SOURCE DATA -

☆ ☆ ☆ ☆ ☆ ☆ ☆

lemma lipschitz_directional_derivative_ae:
  fixes f :: "real \<Rightarrow> 'a::euclidean_space"
  assumes lip: "L-lipschitz_on {a..b} f" and "a \<le> b" and u: "norm u \<le> 1"
  obtains N g where "negligible N" "(g has_integral (f b - f a) \<bullet> u) {a..b}"
    "g absolutely_integrable_on {a..b}"
    "\<And>x. x \<in> {a<..<b} - N \<Longrightarrow> g x \<le> norm (vector_derivative f (at x within {a..b}))"
proof -
  define fe where "fe = f \<circ> clamp a b"
  have lip_fe: "L-lipschitz_on UNIV fe"
    unfolding fe_def using lip \<open>a \<le> b\<close> by (rule lipschitz_on_clamp_extension)
  have fe_eq: "fe t = f t" if "t \<in> {a..b}" for t
    using that by (simp add: fe_def)
  obtain N1 where N1: "negligible N1" "\<And>x. x \<notin> N1 \<Longrightarrow> fe differentiable (at x)"
    using lipschitz_differentiable_ae[OF lip_fe] by blast
  obtain N2 g where N2: "negligible N2"
    and g_deriv: "\<And>x. x \<notin> N2 \<Longrightarrow> ((\<lambda>t. fe t \<bullet> u) has_real_derivative g x) (at x)"
    and g_int: "\<And>a b. a \<le> b \<Longrightarrow> (g has_integral fe b \<bullet> u - fe a \<bullet> u) {a..b}"
    and g_abs: "\<And>a b. g absolutely_integrable_on {a..b}"
    by (rule lipschitz_has_real_derivative_ae[OF lipschitz_on_inner_left[OF lip_fe u]]) blast
  show ?thesis
  proof (rule that[of "N1 \<union> N2" g])
    show "(g has_integral (f b - f a) \<bullet> u) {a..b}"
      using g_int[OF \<open>a \<le> b\<close>] \<open>a \<le> b\<close> by (simp add: fe_eq inner_diff_left)
  next
    fix x assume x: "x \<in> {a<..<b} - (N1 \<union> N2)"
    define D where "D = vector_derivative fe (at x)"
    have fe_D: "(fe has_vector_derivative D) (at x)"
      using N1(2) x by (auto simp: D_def vector_derivative_works)
    have x_ab: "x \<in> {a..b}" "a < b"
      using x by auto
    have "(f has_vector_derivative D) (at x within {a..b})"
      by (rule has_vector_derivative_transform[OF x_ab(1) fe_eq[symmetric] has_vector_derivative_at_within[OF fe_D]])
    then have "vector_derivative f (at x within {a..b}) = D"
      by (rule vector_derivative_within_closed_interval[OF x_ab(2,1)])
    have "((\<lambda>t. fe t \<bullet> u) has_real_derivative D \<bullet> u) (at x)"
      using bounded_linear.has_vector_derivative[OF bounded_linear_inner_left fe_D]
      by (simp add: has_real_derivative_iff_has_vector_derivative)
    then have "g x = D \<bullet> u"
      using g_deriv x by (blast intro: DERIV_unique)
    also have "\<dots> \<le> norm D * norm u"
      by (rule order_trans[OF abs_ge_self Cauchy_Schwarz_ineq2])
    also have "\<dots> \<le> norm D"
      using u by (simp add: mult_left_le)
    finally show "g x \<le> norm (vector_derivative f (at x within {a..b}))"
      using \<open>vector_derivative f (at x within {a..b}) = D\<close> by simp
  qed (simp_all add: N1(1) N2(1) g_abs)
qed

lemma defect_lower_bound:
  fixes w y A :: real
  assumes w: "0 < w" and y: "0 \<le> y" and A: "0 < A"
  shows "A^3 / 4 * y - A^4 / (16 * w^3) - A^4 / 32 - w^6 \<le> w^6 * (y^2 - 1)^2"
proof -
  define v where "v = w^2 * y / A"
  have quartic: "y^4 / 2 - 1 \<le> (y^2 - 1)^2"
  proof -
    have "(y^2 - 1)^2 - (y^4 / 2 - 1) = (y^2 - 2)^2 / 2"
      by (simp add: algebra_simps power2_eq_square power4_eq_xxxx)
    moreover have "0 \<le> (y^2 - 2)^2 / 2"
      by simp
    ultimately show ?thesis by linarith
  qed
  have tangent_v: "v / 2 \<le> v^4 + 3/16"
  proof -
    have "v^4 + 3/16 - v/2 = (v - 1/2)^2 * ((v + 1/2)^2 + 1/2)"
      by (simp add: algebra_simps power2_eq_square power4_eq_xxxx)
    moreover have "0 \<le> (v - 1/2)^2 * ((v + 1/2)^2 + 1/2)"
      by simp
    ultimately show ?thesis by linarith
  qed
  have tangent_w: "3 / (16 * w^2) \<le> 1 / (8 * w^3) + 1/16"
  proof -
    have "1 / (8 * w^3) + 1/16 - 3 / (16 * w^2) = (w - 1)^2 * (w + 2) / (16 * w^3)"
      using w by (simp add: field_simps power2_eq_square power3_eq_cube)
    moreover have "0 \<le> (w - 1)^2 * (w + 2) / (16 * w^3)"
      using w by simp
    ultimately show ?thesis by linarith
  qed
  have "A^3 * y / 2 - A^4 * (3 / (16 * w^2)) = A^4 * (v / 2 - 3/16) / w^2"
    using w A by (simp add: v_def field_simps power2_eq_square power3_eq_cube power4_eq_xxxx)
  also have "\<dots> \<le> A^4 * v^4 / w^2"
    using tangent_v w A by (intro divide_right_mono mult_left_mono) auto
  also have "\<dots> = w^6 * y^4"
    using w A by (simp add: v_def field_simps)
  finally have "A^3 * y / 2 - A^4 / (8 * w^3) - A^4 / 16 \<le> w^6 * y^4"
    using mult_left_mono[OF tangent_w, of "A^4"] by (simp add: algebra_simps)
  moreover have "w^6 * (y^4 / 2 - 1) \<le> w^6 * (y^2 - 1)^2"
    using quartic w by (intro mult_left_mono) auto
  ultimately show ?thesis
    by (simp add: algebra_simps)
qed

lemma weighted_defect_lower_bound:
  fixes x h A q y :: real
  assumes x: "0 < x" and h: "0 < h" and A: "0 < A" and y: "0 \<le> y" and q: "q \<le> y"
  shows "A^3 * h / 4 * q - (A^4 * h / 16 * sqrt h / sqrt x + A^4 * h / 32 + x) \<le> x * (y^2 - 1)^2"
proof -
  define w where "w = root 6 (x / h)"
  have w: "0 < w" "w^6 = x / h"
    using x h by (simp_all add: w_def real_root_pow_pos2)
  have x_eq: "x = h * w^6"
    using w h by simp
  have "sqrt x = sqrt h * sqrt ((w^3)^2)"
    by (simp add: x_eq real_sqrt_mult flip: power_mult)
  then have sqrt_x: "sqrt x = sqrt h * w^3"
    using w(1) by (metis real_sqrt_abs abs_of_pos zero_less_power)
  have err: "A^4 * h / 16 * sqrt h / sqrt x = h * (A^4 / (16 * w^3))"
    using h w(1) by (simp add: sqrt_x field_simps)
  have "A^3 * h / 4 * q - (A^4 * h / 16 * sqrt h / sqrt x + A^4 * h / 32 + x)
      \<le> A^3 * h / 4 * y - (A^4 * h / 16 * sqrt h / sqrt x + A^4 * h / 32 + x)"
    using q h A by (simp add: mult_left_mono)
  also have "\<dots> = h * (A^3 / 4 * y - A^4 / (16 * w^3) - A^4 / 32 - w^6)"
    unfolding err by (simp add: x_eq algebra_simps)
  also have "\<dots> \<le> h * (w^6 * (y^2 - 1)^2)"
    using defect_lower_bound[OF w(1) y A] h by (intro mult_left_mono) auto
  finally show ?thesis
    by (simp add: x_eq)
qed

lemma has_integral_inverse_sqrt_plus_linear:
  fixes c d h :: real
  assumes "0 \<le> h"
  shows "((\<lambda>x. c * sqrt h / sqrt x + d + x) has_integral 2 * c * h + d * h + h^2 / 2) {0..h}"
proof -
  define E where "E t = 2 * c * (sqrt h * sqrt t) + d * t + t^2 / 2" for t :: real
  have "((\<lambda>x. c * sqrt h / sqrt x + d + x) has_integral E h - E 0) {0..h}"
  proof (rule fundamental_theorem_of_calculus_interior[OF assms])
    show "continuous_on {0..h} E"
      unfolding E_def by (intro continuous_intros) auto
    fix t :: real assume "t \<in> {0<..<h}"
    then have "(E has_real_derivative c * sqrt h / sqrt t + d + t) (at t)"
      unfolding E_def by (auto intro!: derivative_eq_intros simp: field_simps)
    then show "(E has_vector_derivative c * sqrt h / sqrt t + d + t) (at t)"
      by (simp add: has_real_derivative_iff_has_vector_derivative)
  qed
  then show ?thesis
    using assms by (simp add: E_def)
qed

lemma has_integral_le_nn_set_integral:
  fixes l \<phi> :: "'a::euclidean_space \<Rightarrow> real"
  assumes l_abs: "l absolutely_integrable_on S" and l_int: "(l has_integral I) S"
    and le: "AE x in lebesgue. x \<in> S \<longrightarrow> l x \<le> \<phi> x"
  shows "ennreal I \<le> (\<integral>\<^sup>+ x \<in> S. ennreal (\<phi> x) \<partial>lebesgue)"
proof -
  define P where "P = (\<integral>\<^sup>+ x. ennreal (indicator S x *\<^sub>R l x) \<partial>lebesgue)"
  have "I = (LINT x:S|lebesgue. l x)"
    using set_lebesgue_integral_eq_integral(2)[OF l_abs] l_int by (simp add: integral_unique)
  also have "\<dots> = enn2real P - enn2real (\<integral>\<^sup>+ x. ennreal (- (indicator S x *\<^sub>R l x)) \<partial>lebesgue)"
    unfolding set_lebesgue_integral_def P_def
    by (rule real_lebesgue_integral_def) (use l_abs in \<open>simp add: set_integrable_def\<close>)
  also have "\<dots> \<le> enn2real P"
    by simp
  finally have "ennreal I \<le> ennreal (enn2real P)"
    by (rule ennreal_leI)
  also have "\<dots> \<le> P"
    by (simp add: ennreal_enn2real_if)
  also have "P \<le> (\<integral>\<^sup>+ x \<in> S. ennreal (\<phi> x) \<partial>lebesgue)"
    unfolding P_def
    by (rule nn_integral_mono_AE) (use le in \<open>auto simp: indicator_def ennreal_leI\<close>)
  finally show ?thesis .
qed

lemma majorant_defect_integral_lower_bound:
  fixes g \<Phi> :: "real \<Rightarrow> real" and h A :: real
  assumes "0 < h" and A_pos: "0 < A" and "negligible N"
    and g_int: "(g has_integral A * h) {0..h}" and g_abs: "g absolutely_integrable_on {0..h}"
    and g_le: "\<And>x. x \<in> {0<..<h} - N \<Longrightarrow> g x \<le> \<Phi> x" and \<Phi>_nonneg: "\<And>x. 0 \<le> \<Phi> x"
  shows "ennreal (3 * A^4 * h^2 / 32 - h^2 / 2) \<le> (\<integral>\<^sup>+ x \<in> {0..h}. ennreal (x * ((\<Phi> x)\<^sup>2 - 1)\<^sup>2) \<partial>lebesgue)"
proof -
  define e where "e = (\<lambda>x. A^4 * h / 16 * sqrt h / sqrt x + A^4 * h / 32 + x)"
  define l where "l = (\<lambda>x. A^3 * h / 4 * g x - e x)"
  have e_int: "(e has_integral 2 * (A^4 * h / 16) * h + A^4 * h / 32 * h + h^2 / 2) {0..h}"
    unfolding e_def using \<open>0 < h\<close> by (intro has_integral_inverse_sqrt_plus_linear) simp
  have "(l has_integral A^3 * h / 4 * (A * h) - (2 * (A^4 * h / 16) * h + A^4 * h / 32 * h + h^2 / 2)) {0..h}"
    unfolding l_def by (intro has_integral_diff has_integral_mult_right g_int e_int)
  then have l_int: "(l has_integral 3 * A^4 * h^2 / 32 - h^2 / 2) {0..h}"
    by (simp add: power2_eq_square power3_eq_cube power4_eq_xxxx field_simps)
  have "e absolutely_integrable_on {0..h}"
    using e_int A_pos \<open>0 < h\<close> by (intro nonnegative_absolutely_integrable_1) (auto simp: e_def)
  then have l_abs: "l absolutely_integrable_on {0..h}"
    unfolding l_def using g_abs by (intro set_integral_diff set_integrable_mult_right)
  have "AE x in lebesgue. x \<notin> N \<union> {0, h}"
    using \<open>negligible N\<close> by (intro AE_not_in) (simp add: negligible_iff_null_sets)
  then have "AE x in lebesgue. x \<in> {0..h} \<longrightarrow> l x \<le> x * ((\<Phi> x)\<^sup>2 - 1)\<^sup>2"
  proof (eventually_elim, intro impI)
    fix x assume "x \<notin> N \<union> {0, h}" "x \<in> {0..h}"
    then have "x \<in> {0<..<h} - N"
      by auto
    then show "l x \<le> x * ((\<Phi> x)\<^sup>2 - 1)\<^sup>2"
      unfolding l_def e_def using \<open>0 < h\<close> A_pos g_le \<Phi>_nonneg
      by (intro weighted_defect_lower_bound) auto
  qed
  then show ?thesis
    by (rule has_integral_le_nn_set_integral[OF l_abs l_int])
qed

theorem lemma2p2:
  fixes f :: "real \<Rightarrow> 'a::euclidean_space" and h A L :: real
  assumes "h > 0"
    and "L-lipschitz_on {0..h} f"
    and "norm (f h - f 0) / h = A"
    and "A \<ge> 2"
  shows "(\<integral>\<^sup>+ x \<in> {0..h}. ennreal (x * ((norm (vector_derivative f (at x within {0..h})))\<^sup>2 - 1)\<^sup>2) \<partial>lebesgue)
           \<ge> ennreal (h\<^sup>2 * A ^ 4 / 16)"
proof -
  have A_pos: "0 < A"
    using assms(4) by simp
  have norm_diff: "norm (f h - f 0) = A * h"
    using assms(1,3) by (simp add: field_simps)
  define u where "u = sgn (f h - f 0)"
  have "f h - f 0 \<noteq> 0"
    using norm_diff assms(1) A_pos by auto
  then have "norm u = 1" "(f h - f 0) \<bullet> u = A * h"
    unfolding u_def norm_diff[symmetric]
    by (simp_all add: norm_sgn sgn_div_norm inner_commute[of _ "f h - f 0"] dot_square_norm power2_eq_square)
  then obtain N g where "negligible N" "(g has_integral A * h) {0..h}"
    "g absolutely_integrable_on {0..h}"
    "\<And>x. x \<in> {0<..<h} - N \<Longrightarrow> g x \<le> norm (vector_derivative f (at x within {0..h}))"
    using lipschitz_directional_derivative_ae[OF assms(2), of u] assms(1) by auto
  then have "ennreal (3 * A^4 * h^2 / 32 - h^2 / 2) \<le>
      (\<integral>\<^sup>+ x \<in> {0..h}. ennreal (x * ((norm (vector_derivative f (at x within {0..h})))\<^sup>2 - 1)\<^sup>2) \<partial>lebesgue)"
    using assms(1) A_pos by (intro majorant_defect_integral_lower_bound) auto
  moreover have "h\<^sup>2 * A^4 / 16 \<le> 3 * A^4 * h^2 / 32 - h^2 / 2"
    using mult_left_mono[OF power_mono[OF assms(4), of 4], of "h\<^sup>2"] by (simp add: algebra_simps)
  ultimately show ?thesis
    by (meson ennreal_leI order_trans)
qed

end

☆ ☆ ☆ ☆ ☆ ☆ ☆

EXERCISE PROMPT -
Beginning at the line above that contains "b \<Longrightarrow> (g", return each line exactly through the line that contains "u) has_real_derivative D", and no others.

YOUR RESPONSE -
    and g_int: "\<And>a b. a \<le> b \<Longrightarrow> (g has_integral fe b \<bullet> u - fe a \<bullet> u) {a..b}"
    and g_abs: "\<And>a b. g absolutely_integrable_on {a..b}"
    by (rule lipschitz_has_real_derivative_ae[OF lipschitz_on_inner_left[OF lip_fe u]]) blast
  show ?thesis
  proof (rule that[of "N1 \<union> N2" g])
    show "(g has_integral (f b - f a) \<bullet> u) {a..b}"
      using g_int[OF \<open>a \<le> b\<close>] \<open>a \<le> b\<close> by (simp add: fe_eq inner_diff_left)
  next
    fix x assume x: "x \<in> {a<..<b} - (N1 \<union> N2)"
    define D where "D = vector_derivative fe (at x)"
    have fe_D: "(fe has_vector_derivative D) (at x)"
      using N1(2) x by (auto simp: D_def vector_derivative_works)
    have x_ab: "x \<in> {a..b}" "a < b"
      using x by auto
    have "(f has_vector_derivative D) (at x within {a..b})"
      by (rule has_vector_derivative_transform[OF x_ab(1) fe_eq[symmetric] has_vector_derivative_at_within[OF fe_D]])
    then have "vector_derivative f (at x within {a..b}) = D"
      by (rule vector_derivative_within_closed_interval[OF x_ab(2,1)])
    have "((\<lambda>t. fe t \<bullet> u) has_real_derivative D \<bullet> u) (at x)"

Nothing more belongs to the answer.